(TASK TO CARRY OUT) All lines of the records below that contain the word "define" must be listed.

(SOURCE DATA)
lemma corner_block_diagonalization:
  fixes B :: "'a::field mat"
  assumes B: "B \<in> carrier_mat (Suc n) (Suc n)" and pivot: "B $$ (n, n) \<noteq> 0"
  obtains T T' Y x where "T \<in> carrier_mat (Suc n) (Suc n)" "T' \<in> carrier_mat (Suc n) (Suc n)"
    "det T \<noteq> 0" "det T' \<noteq> 0" "Y \<in> carrier_mat n n" "x \<in> carrier_mat 1 1" "det x \<noteq> 0"
    "B = T * four_block_mat Y (0\<^sub>m n 1) (0\<^sub>m 1 n) x * T'"
proof -
  obtain Y u v x x' where Yuvx: "Y \<in> carrier_mat n n" "u \<in> carrier_mat n 1" "v \<in> carrier_mat 1 n"
    "x \<in> carrier_mat 1 1" "x' \<in> carrier_mat 1 1" "x * x' = 1\<^sub>m 1" "det x \<noteq> 0"
    and B_eq: "B = four_block_mat (1\<^sub>m n) u (0\<^sub>m 1 n) (1\<^sub>m 1) * four_block_mat Y (0\<^sub>m n 1) v x"
    and "det B = det Y * det x"
    by (rule corner_elimination[OF B pivot])
  define T where "T = four_block_mat (1\<^sub>m n) u (0\<^sub>m 1 n) (1\<^sub>m 1)"
  define T' where "T' = four_block_mat (1\<^sub>m n) (0\<^sub>m n 1) (x' * v) (1\<^sub>m 1)"
  have T: "T \<in> carrier_mat (Suc n) (Suc n)" "T' \<in> carrier_mat (Suc n) (Suc n)" "det T = 1" "det T' = 1"
    unfolding T_def T'_def using Yuvx
      det_four_block_mat_lower_left_zero[OF one_carrier_mat Yuvx(2) refl one_carrier_mat]
      det_four_block_mat_upper_right_zero[OF one_carrier_mat refl mult_carrier_mat[OF Yuvx(5,3)]
          one_carrier_mat]
    by auto
  have "B = T * (four_block_mat Y (0\<^sub>m n 1) (0\<^sub>m 1 n) x * T')"
    unfolding B_eq T_def T'_def by (subst four_block_mat_lower_factor[OF Yuvx(1,3-6)]) (rule refl)
  moreover have "four_block_mat Y (0\<^sub>m n 1) (0\<^sub>m 1 n) x \<in> carrier_mat (Suc n) (Suc n)"
    using Yuvx by auto
  ultimately have "B = T * four_block_mat Y (0\<^sub>m n 1) (0\<^sub>m 1 n) x * T'"
    using T by (simp add: assoc_mult_mat)
  with T Yuvx(1,4,7) show thesis by (intro that) auto
qed

lemma pivot_to_corner:
  fixes B :: "'a::field mat"
  assumes B: "B \<in> carrier_mat (Suc n) (Suc n)" and pq: "p < Suc n" "q < Suc n" "B $$ (p, q) \<noteq> 0"
  obtains P Q where "P \<in> carrier_mat (Suc n) (Suc n)" "Q \<in> carrier_mat (Suc n) (Suc n)"
    "det P \<noteq> 0" "det Q \<noteq> 0" "(P * B * Q) $$ (n, n) \<noteq> 0" "B = P * (P * B * Q) * Q"
proof -
  define P :: "'a mat" where "P = perm_mat (Suc n) (Transposition.transpose p n)"
  define Q :: "'a mat" where "Q = perm_mat (Suc n) (Transposition.transpose q n)"
  have swaps: "Transposition.transpose p n permutes {..<Suc n}"
    "Transposition.transpose q n permutes {..<Suc n}"
    using pq by (auto intro!: permutes_swap_id)
  have PQ: "P \<in> carrier_mat (Suc n) (Suc n)" "Q \<in> carrier_mat (Suc n) (Suc n)"
    "P * P = 1\<^sub>m (Suc n)" "Q * Q = 1\<^sub>m (Suc n)" "det P \<noteq> 0" "det Q \<noteq> 0"
    using pq swaps by (auto simp: P_def Q_def perm_mat_swap_involution det_perm_mat_nonzero)
  have "(P * B * Q) $$ (n, Transposition.transpose q n q) = (P * B) $$ (n, q)"
    unfolding Q_def using B pq by (intro mult_perm_mat_index swaps) (auto simp: P_def)
  also have "\<dots> = B $$ (p, q)"
    unfolding P_def using B pq by (subst perm_mat_mult_index[OF swaps(1)]) auto
  finally have "(P * B * Q) $$ (n, n) \<noteq> 0" using pq by simp
  moreover have "P * (P * B * Q) * Q = (P * P) * B * (Q * Q)"
    using PQ(1,2) B
    by (simp add: assoc_mult_mat[of _ "Suc n" "Suc n" _ "Suc n" _ "Suc n"]
        mult_carrier_mat[of _ "Suc n" "Suc n"])
  ultimately show thesis using that PQ B by simp
qed

(* diag(0, ..., 0, 1, ..., 1) with r trailing ones, so that the corner recursion appends a 1. *)
definition rank_diag :: "nat \<Rightarrow> nat \<Rightarrow> 'a::{zero,one} mat" where
  "rank_diag n r = mat n n (\<lambda>(i, j). if i = j \<and> n - r \<le> i then 1 else 0)"

lemma rank_diag_carrier [simp]: "rank_diag n r \<in> carrier_mat n n"
  and dim_rank_diag [simp]: "dim_row (rank_diag n r) = n" "dim_col (rank_diag n r) = n"
  by (simp_all add: rank_diag_def)

lemma rank_diag_Suc:
  "four_block_mat (rank_diag n r) (0\<^sub>m n 1) (0\<^sub>m 1 n) (1\<^sub>m 1) = rank_diag (Suc n) (Suc r)"
  by (rule eq_matI) (auto simp: rank_diag_def less_Suc_eq)

lemma rank_normal_form:
  fixes B :: "'a::field mat"
  assumes "B \<in> carrier_mat n n"
  shows "\<exists>U V r. U \<in> carrier_mat n n \<and> V \<in> carrier_mat n n \<and> det U \<noteq> 0 \<and> det V \<noteq> 0 \<and>
    B = U * rank_diag n r * V"
  using assms
proof (induction n arbitrary: B)
  case 0
  then have "B = 1\<^sub>m 0 * rank_diag 0 0 * 1\<^sub>m 0" by (intro eq_matI) auto
  then show ?case by (intro exI[of _ "1\<^sub>m 0"]) auto
next
  case (Suc n)
  show ?case
  proof (cases "\<exists>p<Suc n. \<exists>q<Suc n. B $$ (p, q) \<noteq> 0")
    case False
    then have "B = 1\<^sub>m (Suc n) * rank_diag (Suc n) 0 * 1\<^sub>m (Suc n)"
      using Suc.prems by (intro eq_matI) (auto simp: rank_diag_def)
    then show ?thesis by (intro exI[of _ "1\<^sub>m (Suc n)"]) auto
  next
    case True
    then obtain p q where pq: "p < Suc n" "q < Suc n" "B $$ (p, q) \<noteq> 0" by blast
    obtain P Q where PQ: "P \<in> carrier_mat (Suc n) (Suc n)" "Q \<in> carrier_mat (Suc n) (Suc n)"
      "det P \<noteq> 0" "det Q \<noteq> 0" "(P * B * Q) $$ (n, n) \<noteq> 0" "B = P * (P * B * Q) * Q"
      by (rule pivot_to_corner[OF Suc.prems pq])
    have "P * B * Q \<in> carrier_mat (Suc n) (Suc n)" using PQ Suc.prems by simp
    then obtain T T' Y x where TYx: "T \<in> carrier_mat (Suc n) (Suc n)" "T' \<in> carrier_mat (Suc n) (Suc n)"
      "det T \<noteq> 0" "det T' \<noteq> 0" "Y \<in> carrier_mat n n" "x \<in> carrier_mat 1 1" "det x \<noteq> 0"
      "P * B * Q = T * four_block_mat Y (0\<^sub>m n 1) (0\<^sub>m 1 n) x * T'"
      using PQ(5) by (rule corner_block_diagonalization)
    obtain U' V' r where U'V': "U' \<in> carrier_mat n n" "V' \<in> carrier_mat n n" "det U' \<noteq> 0" "det V' \<noteq> 0"
      "Y = U' * rank_diag n r * V'"
      using Suc.IH[OF TYx(5)] by blast
    define D where "D = four_block_mat U' (0\<^sub>m n 1) (0\<^sub>m 1 n) x"
    define D' where "D' = four_block_mat V' (0\<^sub>m n 1) (0\<^sub>m 1 n) (1\<^sub>m 1)"
    have D: "D \<in> carrier_mat (Suc n) (Suc n)" "D' \<in> carrier_mat (Suc n) (Suc n)"
      "det D \<noteq> 0" "det D' \<noteq> 0"
      unfolding D_def D'_def using U'V' TYx(6,7)
        det_four_block_mat_upper_right_zero[OF U'V'(1) refl zero_carrier_mat TYx(6)]
        det_four_block_mat_upper_right_zero[OF U'V'(2) refl zero_carrier_mat one_carrier_mat]
      by auto
    have "four_block_mat Y (0\<^sub>m n 1) (0\<^sub>m 1 n) x = D * rank_diag (Suc n) (Suc r) * D'"
      unfolding D_def D'_def rank_diag_Suc[symmetric] U'V'(5) using U'V' TYx(6)
      by (simp add: mult_four_block_mat[of _ n n _ 1 _ 1 _ _ n _ 1] mult_carrier_mat[of _ n n])
    then have "B = (P * T * D) * rank_diag (Suc n) (Suc r) * (D' * T' * Q)"
      using PQ TYx D
      by (simp add: assoc_mult_mat[of _ "Suc n" "Suc n" _ "Suc n" _ "Suc n"]
          mult_carrier_mat[of _ "Suc n" "Suc n"])
    moreover have "P * T * D \<in> carrier_mat (Suc n) (Suc n)" "D' * T' * Q \<in> carrier_mat (Suc n) (Suc n)"
      "det (P * T * D) \<noteq> 0" "det (D' * T' * Q) \<noteq> 0"
      using PQ TYx D by (auto simp: det_mult[of _ "Suc n"] mult_carrier_mat[of _ "Suc n" "Suc n"])
    ultimately show ?thesis by blast
  qed
qed

lemma perm_mat_Suc_mult_corner:
  fixes Y :: "'a::comm_ring_1 mat"
  assumes \<sigma>: "\<sigma> permutes {..<n}" and Y: "Y \<in> carrier_mat n n" and u: "u \<in> carrier_mat n 1"
    and v: "v \<in> carrier_mat 1 n" and x: "x \<in> carrier_mat 1 1"
    and UL: "U \<in> carrier_mat n n" "L \<in> carrier_mat n n" "perm_mat n \<sigma> * Y = U * L"
  shows "perm_mat (Suc n) \<sigma> *
      (four_block_mat (1\<^sub>m n) u (0\<^sub>m 1 n) (1\<^sub>m 1) * four_block_mat Y (0\<^sub>m n 1) v x) =
    four_block_mat U (perm_mat n \<sigma> * u) (0\<^sub>m 1 n) (1\<^sub>m 1) * four_block_mat L (0\<^sub>m n 1) v x"
proof -
  define P :: "'a mat" where "P = perm_mat n \<sigma>"
  have P: "P \<in> carrier_mat n n" by (simp add: P_def)
  have "four_block_mat (1\<^sub>m n) u (0\<^sub>m 1 n) (1\<^sub>m 1) * four_block_mat Y (0\<^sub>m n 1) v x =
      four_block_mat (Y + u * v) (u * x) v x"
    using Y u v x mult_four_block_mat[OF one_carrier_mat u zero_carrier_mat one_carrier_mat Y
        zero_carrier_mat v x]
    by simp
  moreover have "four_block_mat P (0\<^sub>m n 1) (0\<^sub>m 1 n) (1\<^sub>m 1) * four_block_mat (Y + u * v) (u * x) v x =
      four_block_mat (P * Y + P * u * v) (P * u * x) v x"
    using Y u v x P mult_four_block_mat[OF P zero_carrier_mat zero_carrier_mat one_carrier_mat
        add_carrier_mat[OF mult_carrier_mat[OF u v], of Y] mult_carrier_mat[OF u x] v x]
    by (simp add: mult_add_distrib_mat[OF P Y] assoc_mult_mat[OF P u])
  moreover have "four_block_mat U (P * u) (0\<^sub>m 1 n) (1\<^sub>m 1) * four_block_mat L (0\<^sub>m n 1) v x =
      four_block_mat (P * Y + P * u * v) (P * u * x) v x"
    using UL u v x P mult_four_block_mat[OF UL(1) mult_carrier_mat[OF P u] zero_carrier_mat
        one_carrier_mat UL(2) zero_carrier_mat v x]
      left_add_zero_mat[OF mult_carrier_mat[OF mult_carrier_mat[OF P u] x]]
    by (simp add: P_def)
  ultimately show ?thesis unfolding perm_mat_Suc[OF \<sigma>] P_def by simp
qed

(* Pivoting in the last column lets the permutation of the recursive call, a permutation of
   {..<n}, serve unchanged for Suc n. *)
lemma perm_upper_lower_decomposition:
  fixes X :: "'a::field mat"
  assumes "X \<in> carrier_mat n n" "det X \<noteq> 0"
  shows "\<exists>\<sigma> U L. \<sigma> permutes {..<n} \<and> U \<in> carrier_mat n n \<and> L \<in> carrier_mat n n \<and>
    upper_triangular U \<and> upper_triangular L\<^sup>T \<and> perm_mat n \<sigma> * X = U * L"
  using assms
proof (induction n arbitrary: X)
  case 0
  then have "perm_mat 0 id * X = 1\<^sub>m 0 * 1\<^sub>m 0" by (intro eq_matI) auto
  moreover have "upper_triangular (1\<^sub>m 0 :: 'a mat)" "upper_triangular (1\<^sub>m 0 :: 'a mat)\<^sup>T"
    by (simp_all add: upper_triangular_def)
  ultimately show ?case
    by (intro exI[of _ id] exI[of _ "1\<^sub>m 0"] conjI permutes_id one_carrier_mat) assumption+
next
  case (Suc n)
  obtain p where p: "p < Suc n" "X $$ (p, n) \<noteq> 0"
    using det_zero_col[OF Suc.prems(1), of n] Suc.prems(2) by auto
  define \<tau> where "\<tau> = Transposition.transpose p n"
  have \<tau>: "\<tau> permutes {..<Suc n}" using p by (auto simp: \<tau>_def intro!: permutes_swap_id)
  define X' where "X' = perm_mat (Suc n) \<tau> * X"
  have "X' $$ (n, n) = X $$ (p, n)"
    unfolding X'_def using perm_mat_mult_index[OF \<tau> Suc.prems(1), of n n] by (simp add: \<tau>_def)
  moreover have "det X' = det (perm_mat (Suc n) \<tau> :: 'a mat) * det X"
    unfolding X'_def using Suc.prems(1) by (simp add: det_mult[of _ "Suc n"])
  ultimately have X': "X' \<in> carrier_mat (Suc n) (Suc n)" "X' $$ (n, n) \<noteq> 0" "det X' \<noteq> 0"
    using Suc.prems p det_perm_mat_nonzero[OF \<tau>] by (auto simp: X'_def)
  obtain Y u v x x' where Yuvx: "Y \<in> carrier_mat n n" "u \<in> carrier_mat n 1" "v \<in> carrier_mat 1 n"
    "x \<in> carrier_mat 1 1" "x' \<in> carrier_mat 1 1" "x * x' = 1\<^sub>m 1" "det x \<noteq> 0"
    and X'_eq: "X' = four_block_mat (1\<^sub>m n) u (0\<^sub>m 1 n) (1\<^sub>m 1) * four_block_mat Y (0\<^sub>m n 1) v x"
    and "det X' = det Y * det x"
    by (rule corner_elimination[OF X'(1,2)])
  then obtain \<sigma> U' L' where IH: "\<sigma> permutes {..<n}" "U' \<in> carrier_mat n n" "L' \<in> carrier_mat n n"
    "upper_triangular U'" "upper_triangular L'\<^sup>T" "perm_mat n \<sigma> * Y = U' * L'"
    using Suc.IH[OF Yuvx(1)] X'(3) by auto
  define U where "U = four_block_mat U' (perm_mat n \<sigma> * u) (0\<^sub>m 1 n) (1\<^sub>m 1)"
  define L where "L = four_block_mat L' (0\<^sub>m n 1) v x"
  have \<sigma>: "\<sigma> permutes {..<Suc n}" using IH(1) by (rule permutes_subset) auto
  have "perm_mat (Suc n) (\<tau> \<circ> \<sigma>) * X = perm_mat (Suc n) \<sigma> * X'"
    unfolding X'_def using Suc.prems(1)
    by (simp add: perm_mat_mult[OF \<sigma> \<tau>, symmetric] assoc_mult_mat[OF perm_mat_carrier perm_mat_carrier])
  also have "\<dots> = U * L"
    unfolding X'_eq U_def L_def using perm_mat_Suc_mult_corner[OF IH(1) Yuvx(1-4) IH(2,3,6)] .
  finally have "perm_mat (Suc n) (\<tau> \<circ> \<sigma>) * X = U * L" .
  moreover have "upper_triangular U" "upper_triangular L\<^sup>T"
    unfolding U_def L_def using IH Yuvx
    by (auto simp: transpose_four_block_mat[of _ n n _ 1 _ 1] intro!: upper_triangular_four_block)
  moreover have "U \<in> carrier_mat (Suc n) (Suc n)" "L \<in> carrier_mat (Suc n) (Suc n)"
    unfolding U_def L_def using IH Yuvx by auto
  ultimately show ?case using permutes_compose[OF \<sigma> \<tau>] by blast
qed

(TASK RESULT)
  define T where "T = four_block_mat (1\<^sub>m n) u (0\<^sub>m 1 n) (1\<^sub>m 1)"
  define T' where "T' = four_block_mat (1\<^sub>m n) (0\<^sub>m n 1) (x' * v) (1\<^sub>m 1)"
  define P :: "'a mat" where "P = perm_mat (Suc n) (Transposition.transpose p n)"
  define Q :: "'a mat" where "Q = perm_mat (Suc n) (Transposition.transpose q n)"
    define D where "D = four_block_mat U' (0\<^sub>m n 1) (0\<^sub>m 1 n) x"
    define D' where "D' = four_block_mat V' (0\<^sub>m n 1) (0\<^sub>m 1 n) (1\<^sub>m 1)"
  define P :: "'a mat" where "P = perm_mat n \<sigma>"
  define \<tau> where "\<tau> = Transposition.transpose p n"
  define X' where "X' = perm_mat (Suc n) \<tau> * X"
  define U where "U = four_block_mat U' (perm_mat n \<sigma> * u) (0\<^sub>m 1 n) (1\<^sub>m 1)"
  define L where "L = four_block_mat L' (0\<^sub>m n 1) v x"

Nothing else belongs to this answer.